Quality?, Endurance?, Toughness?


----------



## Surf Fish (Dec 16, 2005)

After I've had the Tica for 10 years, I can answer that questions 

Let me know before you buy one, I've got an almost brand new one in the box I don't think I need anymore....


----------



## RuddeDogg (Mar 20, 2004)

*Either one works*

Well. It boils down to how mucj coin ya want to spend.


----------



## Kwesi W. (Apr 14, 2006)

*Really..*

I remember when you purchased that reel.. Why have you decided you don't need it..?

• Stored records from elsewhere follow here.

lemma
  fixes q :: "'n::finite \<Rightarrow> 'a::real_inner"
  defines "n \<equiv> real CARD('n)"
  assumes "t > 0"
  shows lin_comb_in_range_reg_cov: "lin_comb q c \<in> range (reg_cov q t)"
    and inv_reg_cov_lin_comb:
      "inv (reg_cov q t) (lin_comb q c)
        = lin_comb q (matrix_inv (gram inner q + (n * t) *\<^sub>R mat 1) *v (n *\<^sub>R c))"
proof -
  let ?A = "gram inner q + (n * t) *\<^sub>R mat 1"
  have "invertible ?A"
    using assms by (simp add: invertible_gram_plus_scaleR n_def)
  then have preimage: "reg_cov q t (lin_comb q (matrix_inv ?A *v (n *\<^sub>R c))) = lin_comb q c"
    by (simp add: reg_cov_lin_comb n_def matrix_vector_mul_assoc matrix_inv_right
        linear_scale[OF linear_lin_comb])
  then show "lin_comb q c \<in> range (reg_cov q t)"
    by (metis rangeI)
  show "inv (reg_cov q t) (lin_comb q c) = lin_comb q (matrix_inv ?A *v (n *\<^sub>R c))"
    by (metis preimage inv_f_f inj_reg_cov assms(2))
qed

lemma two_stage_op_lin_comb:
  fixes p :: "'n::finite \<Rightarrow> 'a::real_inner" and q :: "'n \<Rightarrow> 'b::real_inner" and t\<^sub>1 :: real
  defines "n \<equiv> real CARD('n)" and "K \<equiv> gram inner p" and "L \<equiv> gram inner q"
  defines "Ai \<equiv> matrix_inv (L + (n * t\<^sub>1) *\<^sub>R mat 1)"
  assumes "t\<^sub>1 > 0"
  shows "two_stage_op p q t\<^sub>1 t\<^sub>2 (lin_comb p \<beta>)
    = (1 / n) *\<^sub>R lin_comb p ((L ** Ai ** K) *v \<beta> + (n * t\<^sub>2) *\<^sub>R \<beta>)"
proof -
  have "emp_cov q p (lin_comb p \<beta>) = lin_comb q ((1 / n) *\<^sub>R (K *v \<beta>))"
    by (simp add: emp_cov_eq_lin_comb sample_eval_lin_comb linear_scale[OF linear_lin_comb]
        K_def n_def)
  then have "inv (reg_cov q t\<^sub>1) (emp_cov q p (lin_comb p \<beta>)) = lin_comb q (Ai *v (K *v \<beta>))"
    using assms(5) by (simp add: inv_reg_cov_lin_comb Ai_def L_def n_def)
  then show ?thesis
    by (simp add: two_stage_op_def emp_cov_eq_lin_comb sample_eval_lin_comb L_def n_def
        linear_add[OF linear_lin_comb] linear_scale[OF linear_lin_comb] matrix_vector_mul_assoc
        matrix_mul_assoc scaleR_add_right)
qed

text \<open>\<open>inv (reg_cov q t\<^sub>1)\<close> is a genuine inverse only on the range of \<open>reg_cov q t\<^sub>1\<close>;
  since that range contains the span of \<open>q\<close>, no surjectivity of \<open>reg_cov q t\<^sub>1\<close> on the whole
  (possibly infinite-dimensional) space is needed.\<close>
lemma inj_two_stage_op:
  fixes p :: "'n::finite \<Rightarrow> 'a::real_inner" and q :: "'n \<Rightarrow> 'b::real_inner"
  assumes "t\<^sub>1 > 0" and "t\<^sub>2 > 0"
  shows "inj (two_stage_op p q t\<^sub>1 t\<^sub>2)"
proof -
  let ?R = "inv (reg_cov q t\<^sub>1)"
  let ?T = "\<lambda>f. emp_cov p q (?R (emp_cov q p f))"
  have in_range: "emp_cov q p f \<in> range (reg_cov q t\<^sub>1)" for f
    using assms(1) by (simp add: emp_cov_eq_lin_comb linear_scale[OF linear_lin_comb, symmetric]
        lin_comb_in_range_reg_cov)
  obtain g where "linear g" and g: "g \<circ> reg_cov q t\<^sub>1 = id"
    using linear_injective_left_inverse[OF linear_reg_cov inj_reg_cov[OF assms(1)]] by blast
  have "?R v = g v" if "v \<in> range (reg_cov q t\<^sub>1)" for v
    using that g inv_f_f[OF inj_reg_cov[OF assms(1)]] by (auto simp: fun_eq_iff)
  then have "?T = emp_cov p q \<circ> g \<circ> emp_cov q p"
    using in_range by auto
  then have "linear ?T"
    by (metis linear_compose linear_emp_cov \<open>linear g\<close>)
  moreover have "0 \<le> inner f (?T f)" for f
  proof -
    let ?u = "?R (emp_cov q p f)"
    have "inner f (?T f) = inner ?u (reg_cov q t\<^sub>1 ?u)"
      by (simp add: inner_commute[of f] inner_emp_cov_adjoint f_inv_into_f[OF in_range])
    also have "\<dots> = inner ?u (emp_cov q q ?u) + t\<^sub>1 * inner ?u ?u"
      by (simp add: reg_cov_def inner_add_right)
    finally show ?thesis
      using inner_emp_cov_nonneg[of ?u q] assms(1) by simp
  qed
  moreover have "two_stage_op p q t\<^sub>1 t\<^sub>2 = (\<lambda>f. ?T f + t\<^sub>2 *\<^sub>R f)"
    by (simp add: fun_eq_iff two_stage_op_def)
  ultimately show ?thesis
    using inj_plus_scaleR_if_nonneg[of ?T, OF _ _ assms(2)] by simp
qed

lemma two_stage_solution:
  fixes p :: "'n::finite \<Rightarrow> 'a::real_inner" and q :: "'n \<Rightarrow> 'b::real_inner" and t\<^sub>1 :: real
  defines "n \<equiv> real CARD('n)" and "K \<equiv> gram inner p" and "L \<equiv> gram inner q"
  defines "M \<equiv> K ** matrix_inv (L + (n * t\<^sub>1) *\<^sub>R mat 1) ** L"
  assumes "t\<^sub>1 > 0" and "t\<^sub>2 > 0" and invertible: "invertible (M ** K + (n * t\<^sub>2) *\<^sub>R K)"
  shows "inv (two_stage_op p q t\<^sub>1 t\<^sub>2)
      (emp_cov p q (inv (reg_cov q t\<^sub>1) ((1 / n) *\<^sub>R lin_comb q y)))
    = lin_comb p (matrix_inv (M ** K + (n * t\<^sub>2) *\<^sub>R K) *v (M *v y))"
proof -
  define Ai where "Ai = matrix_inv (L + (n * t\<^sub>1) *\<^sub>R mat 1)"
  define \<beta> where "\<beta> = matrix_inv (M ** K + (n * t\<^sub>2) *\<^sub>R K) *v (M *v y)"
  have npos: "n > 0"
    by (simp add: n_def)
  have "L ** Ai = Ai ** L"
    using invertible_gram_plus_scaleR[of "n * t\<^sub>1" q] npos \<open>t\<^sub>1 > 0\<close>
    by (simp add: matrix_inv_commute matrix_plus_scaleR_mat_1_commute Ai_def L_def)
  then have M_eq: "K ** L ** Ai = M"
    by (metis M_def Ai_def matrix_mul_assoc)
  have rhs: "emp_cov p q (inv (reg_cov q t\<^sub>1) ((1 / n) *\<^sub>R lin_comb q y))
      = (1 / n) *\<^sub>R lin_comb p ((L ** Ai) *v y)"
    using npos \<open>t\<^sub>1 > 0\<close>
    by (simp add: linear_scale[OF linear_lin_comb, symmetric] inv_reg_cov_lin_comb
        emp_cov_eq_lin_comb sample_eval_lin_comb matrix_vector_mul_assoc Ai_def L_def n_def)
  have "K *v ((L ** Ai ** K) *v \<beta> + (n * t\<^sub>2) *\<^sub>R \<beta>) = (M ** K + (n * t\<^sub>2) *\<^sub>R K) *v \<beta>"
    by (simp add: M_eq matrix_vector_right_distrib matrix_vector_mul_assoc matrix_mul_assoc
        matrix_vector_mult_add_rdistrib matrix_scaleR_vector_ac)
  also have "\<dots> = M *v y"
    by (simp add: \<beta>_def matrix_vector_mul_assoc matrix_mul_assoc matrix_inv_right[OF invertible])
  also have "\<dots> = K *v ((L ** Ai) *v y)"
    by (simp add: matrix_vector_mul_assoc matrix_mul_assoc flip: M_eq)
  finally have "lin_comb p ((L ** Ai ** K) *v \<beta> + (n * t\<^sub>2) *\<^sub>R \<beta>)
      = lin_comb p ((L ** Ai) *v y)"
    unfolding K_def by (rule lin_comb_eq_if_gram_eq)
  then have "two_stage_op p q t\<^sub>1 t\<^sub>2 (lin_comb p \<beta>)
      = emp_cov p q (inv (reg_cov q t\<^sub>1) ((1 / n) *\<^sub>R lin_comb q y))"
    unfolding rhs using two_stage_op_lin_comb[OF \<open>t\<^sub>1 > 0\<close>, of p q t\<^sub>2 \<beta>]
    by (simp add: Ai_def L_def K_def n_def)
  then show ?thesis
    unfolding \<beta>_def[symmetric]
    using inv_f_f[OF inj_two_stage_op[OF \<open>t\<^sub>1 > 0\<close> \<open>t\<^sub>2 > 0\<close>]] by metis
qed

theorem proposition2:
  fixes \<phi> :: "'x \<Rightarrow> 'f::{real_inner, complete_space}"
    and \<psi> :: "real \<times> 'z \<Rightarrow> 'u::{real_inner, complete_space}"
    and k :: "'x \<Rightarrow> 'x \<Rightarrow> real"
    and l :: "real \<times> 'z \<Rightarrow> real \<times> 'z \<Rightarrow> real"
    and x :: "'n::finite \<Rightarrow> 'x" and y :: "'n \<Rightarrow> real" and z :: "'n \<Rightarrow> 'z"
    and lam\<^sub>1 lam\<^sub>2 :: real
  assumes k_def: "\<And>a b. k a b = inner (\<phi> a) (\<phi> b)"
    and l_def: "\<And>a b. l a b = inner (\<psi> a) (\<psi> b)"
    and pos1: "lam\<^sub>1 > 0" and pos2: "lam\<^sub>2 > 0"
    and invM: "let n = real CARD('n); K = gram k x; L = gram l (\<lambda>i. (y i, z i));
              M = K ** matrix_inv (L + (n * lam\<^sub>1) *\<^sub>R mat 1) ** L
              in invertible (M ** K + (n * lam\<^sub>2) *\<^sub>R K)"
  shows "let n = real CARD('n); w = (\<lambda>i. (y i, z i));
             C_XW = emp_cov (\<lambda>i. \<phi> (x i)) (\<lambda>i. \<psi> (w i));
             C_WX = emp_cov (\<lambda>i. \<psi> (w i)) (\<lambda>i. \<phi> (x i));
             C_W = emp_cov (\<lambda>i. \<psi> (w i)) (\<lambda>i. \<psi> (w i));
             b = (1 / n) *\<^sub>R (\<Sum>i\<in>UNIV. y i *\<^sub>R \<psi> (w i));
             R = inv (\<lambda>u. C_W u + lam\<^sub>1 *\<^sub>R id u);
             fhat = inv (\<lambda>f. C_XW (R (C_WX f)) + lam\<^sub>2 *\<^sub>R id f) (C_XW (R b));
             K = gram k x; L = gram l w;
             M = K ** matrix_inv (L + (n * lam\<^sub>1) *\<^sub>R mat 1) ** L;
             \<beta> = matrix_inv (M ** K + (n * lam\<^sub>2) *\<^sub>R K) *v (M *v (\<chi> i. y i))
         in fhat = (\<Sum>i\<in>UNIV. (\<beta> $ i) *\<^sub>R \<phi> (x i))"
proof -
  let ?\<Phi> = "\<lambda>i. \<phi> (x i)" and ?\<Psi> = "\<lambda>i. \<psi> (y i, z i)"
  have grams: "gram k x = gram inner ?\<Phi>" "gram l (\<lambda>i. (y i, z i)) = gram inner ?\<Psi>"
    by (simp_all add: gram_def k_def l_def)
  have "(\<lambda>u. emp_cov ?\<Psi> ?\<Psi> u + lam\<^sub>1 *\<^sub>R id u) = reg_cov ?\<Psi> lam\<^sub>1"
    by (simp add: fun_eq_iff reg_cov_def)
  moreover have "(\<lambda>f. emp_cov ?\<Phi> ?\<Psi> (inv (reg_cov ?\<Psi> lam\<^sub>1) (emp_cov ?\<Psi> ?\<Phi> f)) + lam\<^sub>2 *\<^sub>R id f)
      = two_stage_op ?\<Phi> ?\<Psi> lam\<^sub>1 lam\<^sub>2"
    by (simp add: fun_eq_iff two_stage_op_def)
  ultimately show ?thesis
    using two_stage_solution[OF pos1 pos2, of ?\<Phi> ?\<Psi> "\<chi> i. y i"] invM
    by (simp add: Let_def grams lin_comb_def)
qed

Both the reels cost $100 so cost wouldn't be a factor


----------



## Surf Fish (Dec 16, 2005)

kmw21230 said:


> I remember when you purchased that reel.. Why have you decided you don't need it..?
> 
> Both the reels cost $100 so cost wouldn't be a factor


It's been probably three months since I've used any spinning reels, I'm happy with my Ah Boo's and I may never go back. Been using the 6600 Mag and also a Penn 535 that I stuck magnets in. Took the Tica to the beach a few times just to cast with it, and it's been hanging in the rod rack ever since.


----------



## Kwesi W. (Apr 14, 2006)

*me too*

After switching to convential it's hard going back... But I want two spinning surf combos.. I have a Baitrunner on a St. Croix, and I'm thinking about putting either a shimano, or a tica on a 12 foot rod... I'm leaning towards the baitrunner.. But I see digital dagger has the tica rated #1


----------



## derekxec (Apr 26, 2006)

never used the tica but i have all 3 sizes in the shimano and you really cant go wrong with any shimano reels...the baitrunners are super strong and will def take a beating....i like almost as much as my van staal but my VS is only a week old so.....


----------



## Surf Fish (Dec 16, 2005)

I've got six baitrunners, 4500's and 6500's. Super reels, had them for years, no problems. But I wouldn't say they are a "long cast" reel, I'd say more "average cast" reel.... I think my old Daiwa BG 90's will out cast the Shimano's even on a bad day.


----------



## Kwesi W. (Apr 14, 2006)

*i see*

so would you say the Tica is better at long casting? I'm looking for a long casting baitrunner type reel...


----------



## reelfixer (Nov 8, 2005)

In 1986 I bought a Shimano Baitrunner 450. I still have it, and my wife still uses it when we fish. So far, it is original. It is serviced regularly and thats all. Any questions?


----------



## Kwesi W. (Apr 14, 2006)

*Yep*

I have a 4500b... Great reel... but my question is is there a Distance bait runner spining toreel ou there.. The baitrunner, i don't think are made for distance..


----------